- EXERCISE AIM
Take the listing below and print exactly the lines starting at the line containing "b *\<^sub>R D2 \<in>" and ending at the line containing "unfolding y1_def y2_def", both ends included, and no others.

- GIVEN DATA
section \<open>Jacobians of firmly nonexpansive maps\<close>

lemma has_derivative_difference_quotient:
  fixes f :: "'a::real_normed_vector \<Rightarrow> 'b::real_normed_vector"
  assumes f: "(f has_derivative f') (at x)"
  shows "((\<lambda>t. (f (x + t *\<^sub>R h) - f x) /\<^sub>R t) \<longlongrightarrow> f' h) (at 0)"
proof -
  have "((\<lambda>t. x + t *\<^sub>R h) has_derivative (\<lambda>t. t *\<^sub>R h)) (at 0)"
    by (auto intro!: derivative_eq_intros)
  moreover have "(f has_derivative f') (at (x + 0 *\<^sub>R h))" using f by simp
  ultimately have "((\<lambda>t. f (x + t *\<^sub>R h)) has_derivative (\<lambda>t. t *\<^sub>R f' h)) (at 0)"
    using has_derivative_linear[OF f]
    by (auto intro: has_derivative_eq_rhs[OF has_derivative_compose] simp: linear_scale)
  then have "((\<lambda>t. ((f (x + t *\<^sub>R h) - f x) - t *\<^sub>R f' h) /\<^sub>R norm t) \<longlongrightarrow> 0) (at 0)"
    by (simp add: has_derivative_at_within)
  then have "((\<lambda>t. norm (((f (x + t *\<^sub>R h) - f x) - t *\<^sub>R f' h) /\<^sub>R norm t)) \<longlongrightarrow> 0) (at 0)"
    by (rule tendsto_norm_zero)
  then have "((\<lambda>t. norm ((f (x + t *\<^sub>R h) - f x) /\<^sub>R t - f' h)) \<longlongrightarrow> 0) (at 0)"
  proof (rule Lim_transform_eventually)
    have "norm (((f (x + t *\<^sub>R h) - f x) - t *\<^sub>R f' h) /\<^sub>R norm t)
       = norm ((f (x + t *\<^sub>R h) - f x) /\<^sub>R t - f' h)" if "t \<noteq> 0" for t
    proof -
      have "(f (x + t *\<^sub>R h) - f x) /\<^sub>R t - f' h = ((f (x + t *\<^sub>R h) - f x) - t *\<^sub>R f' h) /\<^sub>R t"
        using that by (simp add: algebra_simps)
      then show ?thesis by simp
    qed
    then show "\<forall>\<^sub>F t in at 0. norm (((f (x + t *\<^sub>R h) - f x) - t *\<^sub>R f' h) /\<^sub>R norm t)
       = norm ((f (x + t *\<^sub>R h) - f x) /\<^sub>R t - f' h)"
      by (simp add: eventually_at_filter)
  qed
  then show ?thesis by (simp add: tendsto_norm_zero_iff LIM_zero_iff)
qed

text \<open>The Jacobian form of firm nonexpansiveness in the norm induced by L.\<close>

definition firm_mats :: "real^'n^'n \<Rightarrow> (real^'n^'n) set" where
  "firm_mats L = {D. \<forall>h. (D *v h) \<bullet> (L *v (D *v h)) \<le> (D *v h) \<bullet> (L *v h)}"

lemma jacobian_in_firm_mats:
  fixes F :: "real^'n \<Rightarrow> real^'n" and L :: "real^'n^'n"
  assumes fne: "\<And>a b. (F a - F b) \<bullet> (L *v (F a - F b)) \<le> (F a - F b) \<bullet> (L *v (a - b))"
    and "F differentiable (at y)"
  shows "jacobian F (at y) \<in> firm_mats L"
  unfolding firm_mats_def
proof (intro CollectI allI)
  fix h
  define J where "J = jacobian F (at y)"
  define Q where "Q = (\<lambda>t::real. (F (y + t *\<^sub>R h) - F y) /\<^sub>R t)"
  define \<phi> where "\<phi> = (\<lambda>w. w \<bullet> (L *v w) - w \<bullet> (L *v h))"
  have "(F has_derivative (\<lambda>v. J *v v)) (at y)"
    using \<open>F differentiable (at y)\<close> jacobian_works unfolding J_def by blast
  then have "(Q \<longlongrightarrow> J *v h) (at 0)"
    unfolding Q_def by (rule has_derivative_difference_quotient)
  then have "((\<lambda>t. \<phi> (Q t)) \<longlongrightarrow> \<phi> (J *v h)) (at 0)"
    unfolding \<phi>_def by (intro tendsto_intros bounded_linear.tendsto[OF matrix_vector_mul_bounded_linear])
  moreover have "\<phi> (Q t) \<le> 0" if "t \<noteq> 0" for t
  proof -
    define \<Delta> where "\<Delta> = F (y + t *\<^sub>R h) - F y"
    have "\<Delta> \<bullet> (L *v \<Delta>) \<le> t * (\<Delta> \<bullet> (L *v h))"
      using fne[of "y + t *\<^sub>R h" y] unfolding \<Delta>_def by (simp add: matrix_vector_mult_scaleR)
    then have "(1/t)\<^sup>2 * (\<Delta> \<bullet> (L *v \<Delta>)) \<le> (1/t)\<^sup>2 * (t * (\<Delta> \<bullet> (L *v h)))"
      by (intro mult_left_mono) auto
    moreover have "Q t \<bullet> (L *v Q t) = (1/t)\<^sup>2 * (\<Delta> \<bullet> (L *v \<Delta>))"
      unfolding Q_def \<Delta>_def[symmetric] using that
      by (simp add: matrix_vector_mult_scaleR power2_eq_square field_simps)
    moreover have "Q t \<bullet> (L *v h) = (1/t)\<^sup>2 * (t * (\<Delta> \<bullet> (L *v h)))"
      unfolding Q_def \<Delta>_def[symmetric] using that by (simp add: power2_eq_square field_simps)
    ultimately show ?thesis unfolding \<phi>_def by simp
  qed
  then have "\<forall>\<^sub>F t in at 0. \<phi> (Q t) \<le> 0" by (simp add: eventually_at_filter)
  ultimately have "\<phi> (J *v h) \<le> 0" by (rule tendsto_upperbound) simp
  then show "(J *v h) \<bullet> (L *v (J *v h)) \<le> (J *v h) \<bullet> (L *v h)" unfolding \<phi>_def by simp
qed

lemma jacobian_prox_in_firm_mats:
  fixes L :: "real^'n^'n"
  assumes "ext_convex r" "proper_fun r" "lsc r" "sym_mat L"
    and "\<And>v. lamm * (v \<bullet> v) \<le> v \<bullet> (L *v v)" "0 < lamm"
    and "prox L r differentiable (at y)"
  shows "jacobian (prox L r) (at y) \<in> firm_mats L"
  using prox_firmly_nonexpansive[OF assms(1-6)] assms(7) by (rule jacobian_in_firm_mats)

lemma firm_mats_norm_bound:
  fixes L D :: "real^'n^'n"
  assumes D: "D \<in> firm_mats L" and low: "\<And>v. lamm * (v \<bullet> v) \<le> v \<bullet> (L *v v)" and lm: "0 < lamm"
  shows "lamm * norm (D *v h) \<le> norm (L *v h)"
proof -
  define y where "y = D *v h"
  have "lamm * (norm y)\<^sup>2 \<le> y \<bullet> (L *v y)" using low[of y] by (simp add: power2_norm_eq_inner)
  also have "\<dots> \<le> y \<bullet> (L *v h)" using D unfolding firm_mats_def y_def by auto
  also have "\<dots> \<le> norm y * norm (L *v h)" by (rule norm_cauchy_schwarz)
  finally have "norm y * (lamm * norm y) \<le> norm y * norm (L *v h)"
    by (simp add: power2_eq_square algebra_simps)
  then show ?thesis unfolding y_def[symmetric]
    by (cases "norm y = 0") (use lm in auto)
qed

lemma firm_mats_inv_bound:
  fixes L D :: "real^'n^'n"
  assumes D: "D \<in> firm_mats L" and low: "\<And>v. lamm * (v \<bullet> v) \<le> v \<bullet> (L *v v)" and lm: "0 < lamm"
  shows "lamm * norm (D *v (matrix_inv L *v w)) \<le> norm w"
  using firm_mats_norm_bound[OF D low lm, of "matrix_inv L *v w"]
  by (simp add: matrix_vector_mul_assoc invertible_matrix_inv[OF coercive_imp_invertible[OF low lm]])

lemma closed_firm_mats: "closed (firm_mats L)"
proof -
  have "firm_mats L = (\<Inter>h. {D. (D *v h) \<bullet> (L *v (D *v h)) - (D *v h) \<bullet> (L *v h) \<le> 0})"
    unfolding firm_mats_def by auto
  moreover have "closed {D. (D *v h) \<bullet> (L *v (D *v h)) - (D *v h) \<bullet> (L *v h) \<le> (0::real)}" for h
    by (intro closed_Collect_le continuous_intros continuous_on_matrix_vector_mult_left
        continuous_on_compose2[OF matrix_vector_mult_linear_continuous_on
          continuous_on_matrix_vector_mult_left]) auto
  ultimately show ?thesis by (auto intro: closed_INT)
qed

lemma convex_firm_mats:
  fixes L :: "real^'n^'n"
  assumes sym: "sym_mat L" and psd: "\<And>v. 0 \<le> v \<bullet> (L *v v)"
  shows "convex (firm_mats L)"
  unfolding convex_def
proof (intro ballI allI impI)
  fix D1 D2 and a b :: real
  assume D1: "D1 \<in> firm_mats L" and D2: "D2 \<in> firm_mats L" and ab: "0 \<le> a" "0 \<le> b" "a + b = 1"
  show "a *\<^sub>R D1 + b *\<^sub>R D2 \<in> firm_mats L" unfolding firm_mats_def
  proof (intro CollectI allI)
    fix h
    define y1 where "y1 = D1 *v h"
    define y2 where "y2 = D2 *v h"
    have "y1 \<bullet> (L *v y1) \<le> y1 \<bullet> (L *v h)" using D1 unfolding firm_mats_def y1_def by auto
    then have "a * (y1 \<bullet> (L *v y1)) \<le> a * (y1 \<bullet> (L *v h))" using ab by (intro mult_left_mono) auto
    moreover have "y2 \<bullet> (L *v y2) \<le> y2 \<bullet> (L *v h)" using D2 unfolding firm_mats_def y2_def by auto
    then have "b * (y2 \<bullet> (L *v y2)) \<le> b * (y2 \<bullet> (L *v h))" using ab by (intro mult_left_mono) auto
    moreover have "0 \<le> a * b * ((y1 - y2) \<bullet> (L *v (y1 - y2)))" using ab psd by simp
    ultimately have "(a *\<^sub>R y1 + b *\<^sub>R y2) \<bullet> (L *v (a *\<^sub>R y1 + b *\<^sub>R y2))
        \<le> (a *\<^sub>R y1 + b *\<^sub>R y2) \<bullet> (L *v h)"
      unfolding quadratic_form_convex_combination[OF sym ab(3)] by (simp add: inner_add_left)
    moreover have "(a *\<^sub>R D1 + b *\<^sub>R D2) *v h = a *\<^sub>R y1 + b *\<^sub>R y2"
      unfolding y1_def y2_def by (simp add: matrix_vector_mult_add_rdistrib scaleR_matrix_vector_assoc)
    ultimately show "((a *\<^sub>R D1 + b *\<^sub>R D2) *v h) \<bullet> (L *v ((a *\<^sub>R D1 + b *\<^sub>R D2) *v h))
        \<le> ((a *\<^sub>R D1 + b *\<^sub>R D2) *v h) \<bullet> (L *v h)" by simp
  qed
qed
* * *
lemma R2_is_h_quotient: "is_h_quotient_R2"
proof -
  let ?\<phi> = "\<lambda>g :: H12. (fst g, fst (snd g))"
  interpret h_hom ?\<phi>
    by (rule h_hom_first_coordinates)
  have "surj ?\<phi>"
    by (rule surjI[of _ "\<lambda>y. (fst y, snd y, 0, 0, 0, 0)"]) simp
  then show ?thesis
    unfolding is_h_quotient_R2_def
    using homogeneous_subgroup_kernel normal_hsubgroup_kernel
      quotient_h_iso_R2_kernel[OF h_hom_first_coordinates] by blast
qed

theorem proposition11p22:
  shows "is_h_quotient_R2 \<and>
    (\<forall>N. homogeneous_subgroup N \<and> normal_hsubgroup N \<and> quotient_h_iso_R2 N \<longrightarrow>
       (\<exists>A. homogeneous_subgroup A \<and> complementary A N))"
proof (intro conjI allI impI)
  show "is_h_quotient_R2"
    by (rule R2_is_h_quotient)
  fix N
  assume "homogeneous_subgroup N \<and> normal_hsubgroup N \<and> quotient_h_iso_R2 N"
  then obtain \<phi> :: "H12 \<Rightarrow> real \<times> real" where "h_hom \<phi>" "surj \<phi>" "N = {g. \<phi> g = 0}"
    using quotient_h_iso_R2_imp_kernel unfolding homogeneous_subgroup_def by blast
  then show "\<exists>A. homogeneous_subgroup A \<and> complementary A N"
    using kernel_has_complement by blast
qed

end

- REPLY TO THE EXERCISE
  show "a *\<^sub>R D1 + b *\<^sub>R D2 \<in> firm_mats L" unfolding firm_mats_def
  proof (intro CollectI allI)
    fix h
    define y1 where "y1 = D1 *v h"
    define y2 where "y2 = D2 *v h"
    have "y1 \<bullet> (L *v y1) \<le> y1 \<bullet> (L *v h)" using D1 unfolding firm_mats_def y1_def by auto
    then have "a * (y1 \<bullet> (L *v y1)) \<le> a * (y1 \<bullet> (L *v h))" using ab by (intro mult_left_mono) auto
    moreover have "y2 \<bullet> (L *v y2) \<le> y2 \<bullet> (L *v h)" using D2 unfolding firm_mats_def y2_def by auto
    then have "b * (y2 \<bullet> (L *v y2)) \<le> b * (y2 \<bullet> (L *v h))" using ab by (intro mult_left_mono) auto
    moreover have "0 \<le> a * b * ((y1 - y2) \<bullet> (L *v (y1 - y2)))" using ab psd by simp
    ultimately have "(a *\<^sub>R y1 + b *\<^sub>R y2) \<bullet> (L *v (a *\<^sub>R y1 + b *\<^sub>R y2))
        \<le> (a *\<^sub>R y1 + b *\<^sub>R y2) \<bullet> (L *v h)"
      unfolding quadratic_form_convex_combination[OF sym ab(3)] by (simp add: inner_add_left)
    moreover have "(a *\<^sub>R D1 + b *\<^sub>R D2) *v h = a *\<^sub>R y1 + b *\<^sub>R y2"
      unfolding y1_def y2_def by (simp add: matrix_vector_mult_add_rdistrib scaleR_matrix_vector_assoc)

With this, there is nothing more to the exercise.